(* Let $R$ be a commutative ring with $R=2R$, $I$ an ideal of $R$ and $n\ge2$. Let $P=R^{2n}$ with the form $\langle p,q\rangle=p^t\widetilde\psi_nq$, and $Q=R^2\oplus P=R^{2n+2}$ with the form $\langle x,y\rangle=x^t\widetilde\psi_{n+1}y$ (the induced form of $\mathbb{H}(R)\oplus P$). Then, as subgroups of $\mathrm{GL}_{2n+2}(R)$, $$\mathrm{ETrans}_{\mathrm{O}}(Q,IQ,\langle\,,\rangle_{\widetilde\psi_{n+1}})=\mathrm{EO}_{2n+2}(R,I).$$
   Context: $\widetilde\psi_m=\sum_{i=1}^m(e_{2i-1,2i}+e_{2i,2i-1})$. Let $\sigma$ be the permutation of $\{1,\dots,2m\}$ with $\sigma(2i)=2i-1$, $\sigma(2i-1)=2i$; for $z\in R$, $1\le i\ne j\le 2m$, $i\ne\sigma(j)$, $oe_{ij}(z)=1_{2m}+ze_{ij}-ze_{\sigma(j)\sigma(i)}$; $\mathrm{EO}_{2m}(R)$ is generated by all $oe_{ij}(z)$, $\mathrm{EO}_{2m}(I)$ by those with $z\in I$, and $\mathrm{EO}_{2m}(R,I)$ is the normal closure of $\mathrm{EO}_{2m}(I)$ in $\mathrm{EO}_{2m}(R)$. For a symmetric invertible $2n\times 2n$ matrix $\varphi$ and $q\in R^{2n}$ with $q^t\varphi q=0$, define the $(2n+2)\times(2n+2)$ block matrices (blocks of sizes $1,1,2n$) $\rho_\varphi(q)=\begin{pmatrix}1&0&0\\0&1&q^t\varphi\\-q&0&I_{2n}\end{pmatrix}$, $\mu_\varphi(q)=\begin{pmatrix}1&0&q^t\varphi\\0&1&0\\0&-q&I_{2n}\end{pmatrix}$ (the elementary orthogonal transvections $(a,b,p)\mapsto(a,b+\langle p,q\rangle,p-aq)$ and $(a,b,p)\mapsto(a+\langle p,q\rangle,b,p-bq)$ of $Q=R^2\oplus R^{2n}$ with form $\widetilde\psi_1\perp\varphi$). $\mathrm{ETrans}_{\mathrm{O}}(Q,\langle\,,\rangle_{\widetilde\psi_1\perp\varphi})$ is generated by all $\rho_\varphi(q),\mu_\varphi(q)$; $\mathrm{ETrans}_{\mathrm{O}}(IQ,\ldots)$ by those with $q\in I^{2n}$; and $\mathrm{ETrans}_{\mathrm{O}}(Q,IQ,\langle\,,\rangle_{\widetilde\psi_1\perp\varphi})$ is the normal closure of the latter in the former. Here $\varphi=\widetilde\psi_n$, so $\widetilde\psi_1\perp\varphi=\widetilde\psi_{n+1}$. *)

theory Defs
  imports Main
begin
(* For each $N\ge2$ let $L=\frac{2}{N-1}\sum_{1\le i<j\le N}(Q_{(i,j)}-I)$ act on bounded measurable functions on ${\mathbb T}_N=({\mathbb S}^1)^N$, where the $Q_{(i,j)}$ are Markov operators, each acting only through $v_i,v_j$ (so $Q_{(i,j)}\varphi=\varphi$ whenever $\varphi$ depends on neither $v_i$ nor $v_j$), forming a permutation-covariant family (all obtained from one two-particle Markov operator by relabeling variables). Let $F_{0,N}$ be a symmetric probability density on ${\mathbb T}_N$, and let $\varphi^{(k)}\in L^\infty$ depend only on $v_1,\dots,v_k$. Define $$\varphi^{(k+1)}(v_1,\dots,v_{k+1})=2\sum_{i=1}^k(Q_{(i,k+1)}-I)\varphi^{(k)}(v_1,\dots,v_k).$$ Then, if $N\ge k+1$, $$\int_{{\mathbb T}_N}F_{0,N}\,L\varphi^{(k)}\,{\rm d}v_1\cdots{\rm d}v_N=\int_{{\mathbb T}_N}F_{0,N}\,\big(\varphi^{(k+1)}+\tilde\varphi^{(k+1)}\big)\,{\rm d}v_1\cdots{\rm d}v_N,$$ where $\tilde\varphi^{(k+1)}$ depends only on $v_1,\dots,v_{k+1}$ and satisfies $\|\tilde\varphi^{(k+1)}\|_\infty\le 6\,\frac{k(k-1)}{N-1}\,\|\varphi^{(k)}\|_\infty$.
   Context: ${\mathbb S}^1$ is the unit circle with normalized uniform measure; a Markov operator is a positive linear operator $Q$ with $Q1=1$. A density on ${\mathbb T}_N$ is symmetric if it is invariant under all permutations of $(v_1,\dots,v_N)$. *)

theory Defs
  imports "HOL-Analysis.Analysis" "HOL-Combinatorics.Permutations"
begin

definition circle :: "complex measure" where
  "circle = distr (uniform_measure lborel {0..<1::real}) (restrict_space borel (sphere 0 1))
              (\<lambda>t. cis (2 * pi * t))"

text \<open>The torus T_N = (S^1)^N; coordinates are indexed 0..N-1 (v_1..v_N in the paper).\<close>
definition torus :: "nat \<Rightarrow> (nat \<Rightarrow> complex) measure" where
  "torus N = PiM {..<N} (\<lambda>_. circle)"

definition bounded_meas :: "'a measure \<Rightarrow> ('a \<Rightarrow> real) \<Rightarrow> bool" where
  "bounded_meas M f \<longleftrightarrow> f \<in> borel_measurable M \<and> (\<exists>B. \<forall>x\<in>space M. \<bar>f x\<bar> \<le> B)"

definition markov_op :: "'a measure \<Rightarrow> (('a \<Rightarrow> real) \<Rightarrow> 'a \<Rightarrow> real) \<Rightarrow> bool" where
  "markov_op M Q \<longleftrightarrow>
     (\<forall>f. bounded_meas M f \<longrightarrow> bounded_meas M (Q f)) \<and>
     (\<forall>f g. bounded_meas M f \<longrightarrow> bounded_meas M g \<longrightarrow>
        (\<forall>x\<in>space M. Q (\<lambda>y. f y + g y) x = Q f x + Q g x)) \<and>
     (\<forall>f c. bounded_meas M f \<longrightarrow> (\<forall>x\<in>space M. Q (\<lambda>y. c * f y) x = c * Q f x)) \<and>
     (\<forall>f. bounded_meas M f \<longrightarrow> (\<forall>x\<in>space M. f x \<ge> 0) \<longrightarrow> (\<forall>x\<in>space M. Q f x \<ge> 0)) \<and>
     (\<forall>x\<in>space M. Q (\<lambda>_. 1) x = 1)"

definition Qij :: "(((complex \<times> complex) \<Rightarrow> real) \<Rightarrow> (complex \<times> complex) \<Rightarrow> real)
     \<Rightarrow> nat \<Rightarrow> nat \<Rightarrow> ((nat \<Rightarrow> complex) \<Rightarrow> real) \<Rightarrow> (nat \<Rightarrow> complex) \<Rightarrow> real" where
  "Qij Q i j \<phi> v = Q (\<lambda>(a, b). \<phi> (v(i := a, j := b))) (v i, v j)"

definition Lop :: "nat \<Rightarrow> (((complex \<times> complex) \<Rightarrow> real) \<Rightarrow> (complex \<times> complex) \<Rightarrow> real)
     \<Rightarrow> ((nat \<Rightarrow> complex) \<Rightarrow> real) \<Rightarrow> (nat \<Rightarrow> complex) \<Rightarrow> real" where
  "Lop N Q \<phi> v = 2 / (real N - 1) * (\<Sum>j<N. \<Sum>i<j. (Qij Q i j \<phi> v - \<phi> v))"

definition depends_only :: "nat \<Rightarrow> nat \<Rightarrow> ((nat \<Rightarrow> complex) \<Rightarrow> real) \<Rightarrow> bool" where
  "depends_only N k \<phi> \<longleftrightarrow>
     (\<forall>v\<in>space (torus N). \<forall>w\<in>space (torus N). (\<forall>i<k. v i = w i) \<longrightarrow> \<phi> v = \<phi> w)"

definition sup_norm :: "'a measure \<Rightarrow> ('a \<Rightarrow> real) \<Rightarrow> real" where
  "sup_norm M f = (SUP x\<in>space M. \<bar>f x\<bar>)"

definition symmetric_density :: "nat \<Rightarrow> ((nat \<Rightarrow> complex) \<Rightarrow> real) \<Rightarrow> bool" where
  "symmetric_density N F \<longleftrightarrow>
     F \<in> borel_measurable (torus N) \<and> (\<forall>v\<in>space (torus N). F v \<ge> 0) \<and>
     integrable (torus N) F \<and> (\<integral>v. F v \<partial>torus N) = 1 \<and>
     (\<forall>\<sigma>. \<sigma> permutes {..<N} \<longrightarrow> (\<forall>v\<in>space (torus N). F (v \<circ> \<sigma>) = F v))"

end

theory Submission
  imports Defs "HOL-Probability.Infinite_Product_Measure"
begin

text \<open>Split the pairs \<open>i < j\<close> of \<open>L\<close> into pairs inside the first \<open>k\<close> variables, cross pairs
  \<open>i < k \<le> j\<close>, and pairs with \<open>k \<le> i\<close>, on which \<open>Q_(i,j) - I\<close> annihilates \<open>\<phi>\<close>. Since \<open>F\<close> is
  exchangeable and \<open>\<phi>\<close> does not see \<open>v_j\<close> for \<open>j \<ge> k\<close>, transposing \<open>v_k\<close> and \<open>v_j\<close> shows that every
  cross pair \<open>(i, j)\<close> integrates against \<open>F\<close> like \<open>(i, k)\<close>. The \<open>N - k\<close> cross pairs therefore carry
  total weight \<open>2(N - k)/(N - 1) = 2 - 2(k - 1)/(N - 1)\<close>, which produces \<open>\<phi>^(k+1)\<close>; the correction
  \<open>-2(k - 1)/(N - 1)\<close> and the \<open>k(k - 1)/2\<close> inner pairs contribute at most \<open>4 k(k - 1)/(N - 1) \<parallel>\<phi>\<parallel>\<close>
  and \<open>2 k(k - 1)/(N - 1) \<parallel>\<phi>\<parallel>\<close>.\<close>

section \<open>The circle and the torus\<close>

lemma space_circle: "space circle = sphere 0 1"
  by (simp add: circle_def space_restrict_space)

lemma prob_space_circle: "prob_space circle"
  unfolding circle_def
proof (rule prob_space.prob_space_distr)
  show "prob_space (uniform_measure lborel {0..<1::real})"
    by (intro prob_space_uniform_measure) auto
  have "(\<lambda>t::real. cis (2 * pi * t)) \<in> borel_measurable borel"
    by (intro borel_measurable_continuous_onI continuous_intros)
  then show "(\<lambda>t. cis (2 * pi * t)) \<in> uniform_measure lborel {0..<1::real} \<rightarrow>\<^sub>M restrict_space borel (sphere 0 1)"
    by (intro measurable_restrict_space2) (auto cong: measurable_cong_sets)
qed

lemma space_torus: "space (torus N) = PiE {..<N} (\<lambda>_. sphere 0 1)"
  by (simp add: torus_def space_PiM space_circle)

lemma space_circle_pair: "space (circle \<Otimes>\<^sub>M circle) = sphere 0 1 \<times> sphere 0 1"
  by (simp add: space_pair_measure space_circle)

lemma fun_upd_in_space_torus:
  assumes "v \<in> space (torus N)" "i < N" "j < N" "a \<in> sphere 0 1" "b \<in> sphere 0 1"
  shows "v(i := a, j := b) \<in> space (torus N)"
  using assms by (auto simp: space_torus PiE_iff extensional_def)

lemma comp_permutes_in_space_torus:
  assumes "\<sigma> permutes {..<N}" "v \<in> space (torus N)"
  shows "v \<circ> \<sigma> \<in> space (torus N)"
  using assms permutes_in_image[OF assms(1)] permutes_not_in[OF assms(1)]
  by (auto simp: space_torus PiE_iff extensional_def)

lemma coordinates_in_space_circle_pair:
  "v \<in> space (torus N) \<Longrightarrow> i < N \<Longrightarrow> j < N \<Longrightarrow> (v i, v j) \<in> space (circle \<Otimes>\<^sub>M circle)"
  by (auto simp: space_circle_pair space_torus PiE_iff)

lemma measurable_fun_upd_torus:
  assumes v: "v \<in> space (torus N)" and ij: "i < N" "j < N"
  shows "(\<lambda>p. v(i := fst p, j := snd p)) \<in> circle \<Otimes>\<^sub>M circle \<rightarrow>\<^sub>M torus N"
  unfolding torus_def
proof (rule measurable_PiM_single')
  fix l assume "l \<in> {..<N}"
  then have "v l \<in> space circle" using v by (auto simp: space_torus space_circle PiE_iff)
  then show "(\<lambda>p. (v(i := fst p, j := snd p)) l) \<in> circle \<Otimes>\<^sub>M circle \<rightarrow>\<^sub>M circle"
    by (cases "l = j"; cases "l = i") auto
next
  show "(\<lambda>p. v(i := fst p, j := snd p)) \<in> space (circle \<Otimes>\<^sub>M circle) \<rightarrow> {..<N} \<rightarrow>\<^sub>E space circle"
    using fun_upd_in_space_torus[OF v ij]
    by (force simp: space_circle_pair space_torus space_circle simp del: fun_upd_apply)
qed

lemma integral_torus_permute:
  fixes f :: "(nat \<Rightarrow> complex) \<Rightarrow> real"
  assumes p: "\<sigma> permutes {..<N}" and f: "f \<in> borel_measurable (torus N)"
  shows "(\<integral>v. f (v \<circ> \<sigma>) \<partial>torus N) = (\<integral>v. f v \<partial>torus N)"
proof -
  let ?r = "\<lambda>v. \<lambda>n\<in>{..<N}. v (\<sigma> n)"
  have into: "\<sigma> \<in> {..<N} \<rightarrow> {..<N}" using permutes_in_image[OF p] by auto
  have distr_eq: "distr (torus N) (torus N) ?r = torus N"
    using distr_PiM_reindex[OF prob_space_circle permutes_inj_on[OF p] into]
    by (simp add: torus_def)
  have r_meas: "?r \<in> torus N \<rightarrow>\<^sub>M torus N"
    unfolding torus_def using into by (intro measurable_restrict measurable_component_singleton) auto
  have r_eq: "?r v = v \<circ> \<sigma>" if "v \<in> space (torus N)" for v
    using that permutes_not_in[OF p] by (auto simp: space_torus PiE_iff extensional_def)
  have "(\<integral>v. f v \<partial>torus N) = (\<integral>v. f (?r v) \<partial>torus N)"
    using integral_distr[OF r_meas f] distr_eq by simp
  also have "\<dots> = (\<integral>v. f (v \<circ> \<sigma>) \<partial>torus N)"
    by (rule Bochner_Integration.integral_cong) (simp_all add: r_eq)
  finally show ?thesis by simp
qed

section \<open>Markov operators on bounded measurable functions\<close>

lemma bounded_meas_const: "bounded_meas M (\<lambda>_. c)"
  unfolding bounded_meas_def by auto

lemma bounded_meas_add:
  assumes "bounded_meas M f" "bounded_meas M g"
  shows "bounded_meas M (\<lambda>x. f x + g x)"
proof -
  obtain B C where "\<forall>x\<in>space M. \<bar>f x\<bar> \<le> B" "\<forall>x\<in>space M. \<bar>g x\<bar> \<le> C"
    and "f \<in> borel_measurable M" "g \<in> borel_measurable M"
    using assms unfolding bounded_meas_def by blast
  then show ?thesis
    unfolding bounded_meas_def by (intro conjI exI[of _ "B + C"] borel_measurable_add) force+
qed

lemma bounded_meas_cmult: "bounded_meas M f \<Longrightarrow> bounded_meas M (\<lambda>x. c * f x)"
  unfolding bounded_meas_def
  by (auto simp: abs_mult intro!: exI[of _ "\<bar>c\<bar> * _"] mult_left_mono)

lemma bounded_meas_diff:
  "bounded_meas M f \<Longrightarrow> bounded_meas M g \<Longrightarrow> bounded_meas M (\<lambda>x. f x - g x)"
  using bounded_meas_add[of M f "\<lambda>x. -1 * g x"] bounded_meas_cmult[of M g "-1"] by simp

lemma bounded_meas_sum:
  "(\<And>i. i \<in> I \<Longrightarrow> bounded_meas M (f i)) \<Longrightarrow> bounded_meas M (\<lambda>x. \<Sum>i\<in>I. f i x)"
  by (induction I rule: infinite_finite_induct) (auto intro: bounded_meas_add bounded_meas_const)

lemma abs_le_sup_norm:
  assumes "bounded_meas M f" "x \<in> space M"
  shows "\<bar>f x\<bar> \<le> sup_norm M f"
  using assms unfolding sup_norm_def bounded_meas_def
  by (auto intro!: cSUP_upper simp: bdd_above_def)

lemma integrable_mult_bounded_meas:
  fixes F h :: "'a \<Rightarrow> real"
  assumes F: "integrable M F" and h: "bounded_meas M h"
  shows "integrable M (\<lambda>x. F x * h x)"
proof -
  obtain B where B: "\<forall>x\<in>space M. \<bar>h x\<bar> \<le> B" and hm: "h \<in> borel_measurable M"
    using h unfolding bounded_meas_def by blast
  have bound: "\<bar>F x * h x\<bar> \<le> \<bar>B * F x\<bar>" if "x \<in> space M" for x
  proof -
    have "\<bar>h x\<bar> \<le> \<bar>B\<bar>" using B that by force
    then have "\<bar>F x\<bar> * \<bar>h x\<bar> \<le> \<bar>F x\<bar> * \<bar>B\<bar>" by (rule mult_left_mono) simp
    then show ?thesis by (metis abs_mult mult.commute)
  qed
  show ?thesis
  proof (rule Bochner_Integration.integrable_bound)
    show "integrable M (\<lambda>x. B * F x)" using F by simp
    show "(\<lambda>x. F x * h x) \<in> borel_measurable M" using borel_measurable_integrable[OF F] hm by simp
    show "AE x in M. norm (F x * h x) \<le> norm (B * F x)" using bound by (intro AE_I2) simp
  qed
qed

lemma markov_op_const:
  assumes "markov_op M Q" "x \<in> space M"
  shows "Q (\<lambda>_. c) x = c"
proof -
  have "Q (\<lambda>y. c * 1) x = c * Q (\<lambda>_. 1) x"
    using assms bounded_meas_const[of M 1] unfolding markov_op_def by blast
  then show ?thesis using assms unfolding markov_op_def by simp
qed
========
EXERCISE BRIEF: Read through the entries and copy every line that includes "imports".

EXERCISE RESPONSE:
  imports Main
  imports "HOL-Analysis.Analysis" "HOL-Combinatorics.Permutations"
  imports Defs "HOL-Probability.Infinite_Product_Measure"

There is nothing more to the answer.